Input data:
(* For every zero-set $\mathcal Z$, $$\tfrac14|\mathcal Z|\le \gamma(\mathcal Z)\le |\mathcal Z|.$$
   Context: Let $\mathbb Z_+=\{0,1,2,\dots\}$ and, for positive integers $a,b$, let $R_{a,b}=([0,a-1]\times[0,b-1])\cap\mathbb Z_+^2$. A (discrete) zero-set is a set $\mathcal Z\subseteq\mathbb Z_+^2$ that is a union of rectangles $R_{a,b}$ (equivalently, $(u,v)\in\mathcal Z$ implies $\{0,\dots,u\}\times\{0,\dots,v\}\subseteq\mathcal Z$); here $\mathcal Z$ is finite, i.e. a Young diagram. For $A\subseteq\mathbb Z_+^2$ and $x\in\mathbb Z_+^2$ let $\mathrm{row}(x,A)$ (resp. $\mathrm{col}(x,A)$) be the number of points of $A$ on the horizontal (resp. vertical) line through $x$. The neighborhood growth transformation is $\mathcal T(A)=A\cup\{x\in\mathbb Z_+^2\setminus A:(\mathrm{row}(x,A),\mathrm{col}(x,A))\notin\mathcal Z\}$. A set $A$ spans if $\bigcup_{t\ge0}\mathcal T^t(A)=\mathbb Z_+^2$. $\gamma(\mathcal Z)$ is the minimum cardinality of a finite spanning set. *)

theory Defs
  imports Main "HOL-Library.Extended_Nat"
begin

type_synonym pt = "nat \<times> nat"

definition zero_set :: "pt set \<Rightarrow> bool" where
  "zero_set Z \<longleftrightarrow> (\<forall>u v. (u, v) \<in> Z \<longrightarrow> {0..u} \<times> {0..v} \<subseteq> Z)"

definition row_cnt :: "pt \<Rightarrow> pt set \<Rightarrow> enat" where
  "row_cnt x A = (let S = {y \<in> A. snd y = snd x} in
                   if finite S then enat (card S) else \<infinity>)"

definition col_cnt :: "pt \<Rightarrow> pt set \<Rightarrow> enat" where
  "col_cnt x A = (let S = {y \<in> A. fst y = fst x} in
                   if finite S then enat (card S) else \<infinity>)"

definition NG :: "pt set \<Rightarrow> pt set \<Rightarrow> pt set" where
  "NG Z A = A \<union> {x. x \<notin> A \<and>
     (row_cnt x A, col_cnt x A) \<notin> (\<lambda>(a, b). (enat a, enat b)) ` Z}"

definition spans :: "pt set \<Rightarrow> pt set \<Rightarrow> bool" where
  "spans Z A \<longleftrightarrow> (\<Union>t. (NG Z ^^ t) A) = UNIV"

definition gamma :: "pt set \<Rightarrow> nat" where
  "gamma Z = Inf {card A | A. finite A \<and> spans Z A}"

end

theory Submission
  imports Defs
begin

text \<open>For a zero-set \<open>Z\<close> the growth map \<open>NG Z\<close> is monotone, so a spanning set cannot
  be contained in a proper \<open>NG Z\<close>-stable set. Upper bound: \<open>Z\<close> spans, as the rows
  fill up one by one. Once \<open>Z\<close> and the rows below height \<open>k\<close> are occupied, a point of
  row \<open>k\<close> with counts \<open>(a, b) \<in> Z\<close> would have \<open>b \<ge> k\<close>, so row \<open>k\<close> of \<open>Z\<close> alone would
  give it \<open>a + 1\<close> points in its row.
  Lower bound: let \<open>A\<close> span and \<open>(u, v) \<in> Z\<close>. If \<open>P\<close> is the set of rows meeting \<open>A\<close>
  in more than \<open>u div 2\<close> points and \<open>|P| \<le> v\<close>, then more than \<open>(u + 1) div 2\<close>
  columns meet \<open>A\<close> in more than \<open>v - |P|\<close> points, for otherwise the union of \<open>A\<close>,
  the rows in \<open>P\<close> and these columns would be a proper stable set. This bounds the
  height of column \<open>u\<close> of \<open>Z\<close>, and summing over \<open>u\<close> while double counting the rows
  and columns of \<open>A\<close> gives \<open>|Z| \<le> 2|A| + 2|A|\<close>.\<close>

definition row :: "pt set \<Rightarrow> nat \<Rightarrow> pt set" where
  "row A j = {x \<in> A. snd x = j}"

definition col :: "pt set \<Rightarrow> nat \<Rightarrow> pt set" where
  "col A i = {x \<in> A. fst x = i}"

lemma zero_set_downward:
  assumes "zero_set Z" "(u, v) \<in> Z" "a \<le> u" "b \<le> v"
  shows "(a, b) \<in> Z"
proof -
  have "{0..u} \<times> {0..v} \<subseteq> Z" using assms(1,2) unfolding zero_set_def by blast
  then show ?thesis using assms(3,4) by auto
qed

lemma enat_pair_in_zero_set:
  assumes "zero_set Z" "(u, v) \<in> Z" "a \<le> enat u" "b \<le> enat v"
  shows "(a, b) \<in> (\<lambda>(a, b). (enat a, enat b)) ` Z"
proof -
  obtain a' b' where ab: "a = enat a'" "b = enat b'"
    using assms(3,4) enat_ile by blast
  then have "(a', b') \<in> Z"
    using zero_set_downward[OF assms(1,2)] assms(3,4) by simp
  then show ?thesis using ab by force
qed

lemma row_cnt_row:
  "row_cnt x A = (if finite (row A (snd x)) then enat (card (row A (snd x))) else \<infinity>)"
  by (simp add: row_cnt_def row_def)

lemma col_cnt_col:
  "col_cnt x A = (if finite (col A (fst x)) then enat (card (col A (fst x))) else \<infinity>)"
  by (simp add: col_cnt_def col_def)

lemma row_mono: "A \<subseteq> B \<Longrightarrow> row A j \<subseteq> row B j"
  by (auto simp: row_def)

lemma col_mono: "A \<subseteq> B \<Longrightarrow> col A i \<subseteq> col B i"
  by (auto simp: col_def)

lemma card_col_le: "finite A \<Longrightarrow> card (col A i) \<le> card A"
  unfolding col_def by (intro card_mono) auto

lemma sum_card_row: "finite A \<Longrightarrow> (\<Sum>j\<in>snd ` A. card (row A j)) = card A"
  using sum.image_gen[of A "\<lambda>_. 1 :: nat" snd] by (simp add: row_def)

lemma sum_card_col: "finite A \<Longrightarrow> (\<Sum>i\<in>fst ` A. card (col A i)) = card A"
  using sum.image_gen[of A "\<lambda>_. 1 :: nat" fst] by (simp add: col_def)

lemma enat_card_le_row_cnt:
  assumes "S \<subseteq> row A (snd x)" "finite S"
  shows "enat (card S) \<le> row_cnt x A"
  using assms card_mono by (auto simp: row_cnt_row)

lemma enat_card_le_col_cnt:
  assumes "S \<subseteq> col A (fst x)" "finite S"
  shows "enat (card S) \<le> col_cnt x A"
  using assms card_mono by (auto simp: col_cnt_col)

lemma row_cnt_le_enat:
  assumes "row A (snd x) \<subseteq> S" "finite S" "card S \<le> n"
  shows "row_cnt x A \<le> enat n"
  using assms card_mono[OF assms(2,1)] finite_subset[OF assms(1,2)] by (simp add: row_cnt_row)

lemma col_cnt_le_enat:
  assumes "col A (fst x) \<subseteq> S" "finite S" "card S \<le> n"
  shows "col_cnt x A \<le> enat n"
  using assms card_mono[OF assms(2,1)] finite_subset[OF assms(1,2)] by (simp add: col_cnt_col)

lemma row_cnt_mono:
  assumes "A \<subseteq> B"
  shows "row_cnt x A \<le> row_cnt x B"
proof (cases "finite (row B (snd x))")
  case True
  moreover have "row A (snd x) \<subseteq> row B (snd x)" using row_mono[OF assms] .
  ultimately show ?thesis
    using finite_subset by (simp add: row_cnt_row card_mono)
qed (simp add: row_cnt_row)

lemma col_cnt_mono:
  assumes "A \<subseteq> B"
  shows "col_cnt x A \<le> col_cnt x B"
proof (cases "finite (col B (fst x))")
  case True
  moreover have "col A (fst x) \<subseteq> col B (fst x)" using col_mono[OF assms] .
  ultimately show ?thesis
    using finite_subset by (simp add: col_cnt_col card_mono)
qed (simp add: col_cnt_col)

lemma subset_NG: "A \<subseteq> NG Z A"
  unfolding NG_def by blast

lemma NG_mono:
  assumes "zero_set Z" "B \<subseteq> C"
  shows "NG Z B \<subseteq> NG Z C"
proof
  fix x assume x: "x \<in> NG Z B"
  show "x \<in> NG Z C"
  proof (cases "x \<in> C")
    case True
    then show ?thesis using subset_NG by blast
  next
    case False
    then have B: "(row_cnt x B, col_cnt x B) \<notin> (\<lambda>(a, b). (enat a, enat b)) ` Z"
      using x assms(2) by (auto simp: NG_def)
    have "(row_cnt x C, col_cnt x C) \<notin> (\<lambda>(a, b). (enat a, enat b)) ` Z"
    proof
      assume "(row_cnt x C, col_cnt x C) \<in> (\<lambda>(a, b). (enat a, enat b)) ` Z"
      then obtain u v where uv: "(u, v) \<in> Z" "row_cnt x C = enat u" "col_cnt x C = enat v"
        by auto
      have "row_cnt x B \<le> enat u" "col_cnt x B \<le> enat v"
        using uv row_cnt_mono[OF assms(2)] col_cnt_mono[OF assms(2)] by metis+
      with B show False using enat_pair_in_zero_set[OF assms(1) uv(1)] by blast
    qed
    with False show ?thesis by (simp add: NG_def)
  qed
qed

lemma funpow_NG_subset_stable:
  assumes "zero_set Z" "A \<subseteq> C" "NG Z C \<subseteq> C"
  shows "(NG Z ^^ t) A \<subseteq> C"
proof (induction t)
  case (Suc t)
  then show ?case using NG_mono[OF assms(1) Suc] assms(3) by simp
qed (simp add: assms(2))

lemma spans_stable_eq_UNIV:
  assumes "zero_set Z" "spans Z A" "A \<subseteq> C" "NG Z C \<subseteq> C"
  shows "C = UNIV"
  using assms funpow_NG_subset_stable[OF assms(1,3,4)] unfolding spans_def by blast

lemma NG_subset_if_counts_bounded:
  assumes "zero_set Z" "(u, v) \<in> Z"
    and "\<And>x. x \<notin> C \<Longrightarrow> row_cnt x C \<le> enat u \<and> col_cnt x C \<le> enat v"
  shows "NG Z C \<subseteq> C"
proof
  fix x assume "x \<in> NG Z C"
  then show "x \<in> C"
    using assms(3) enat_pair_in_zero_set[OF assms(1,2)] unfolding NG_def by blast
qed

Exercise prompt: In the entries above, find the line holding "imports Defs" and the line holding "Lower bound: let"; print both of them and every line between, exactly, and nothing else.

Reply:
  imports Defs
begin

text \<open>For a zero-set \<open>Z\<close> the growth map \<open>NG Z\<close> is monotone, so a spanning set cannot
  be contained in a proper \<open>NG Z\<close>-stable set. Upper bound: \<open>Z\<close> spans, as the rows
  fill up one by one. Once \<open>Z\<close> and the rows below height \<open>k\<close> are occupied, a point of
  row \<open>k\<close> with counts \<open>(a, b) \<in> Z\<close> would have \<open>b \<ge> k\<close>, so row \<open>k\<close> of \<open>Z\<close> alone would
  give it \<open>a + 1\<close> points in its row.
  Lower bound: let \<open>A\<close> span and \<open>(u, v) \<in> Z\<close>. If \<open>P\<close> is the set of rows meeting \<open>A\<close>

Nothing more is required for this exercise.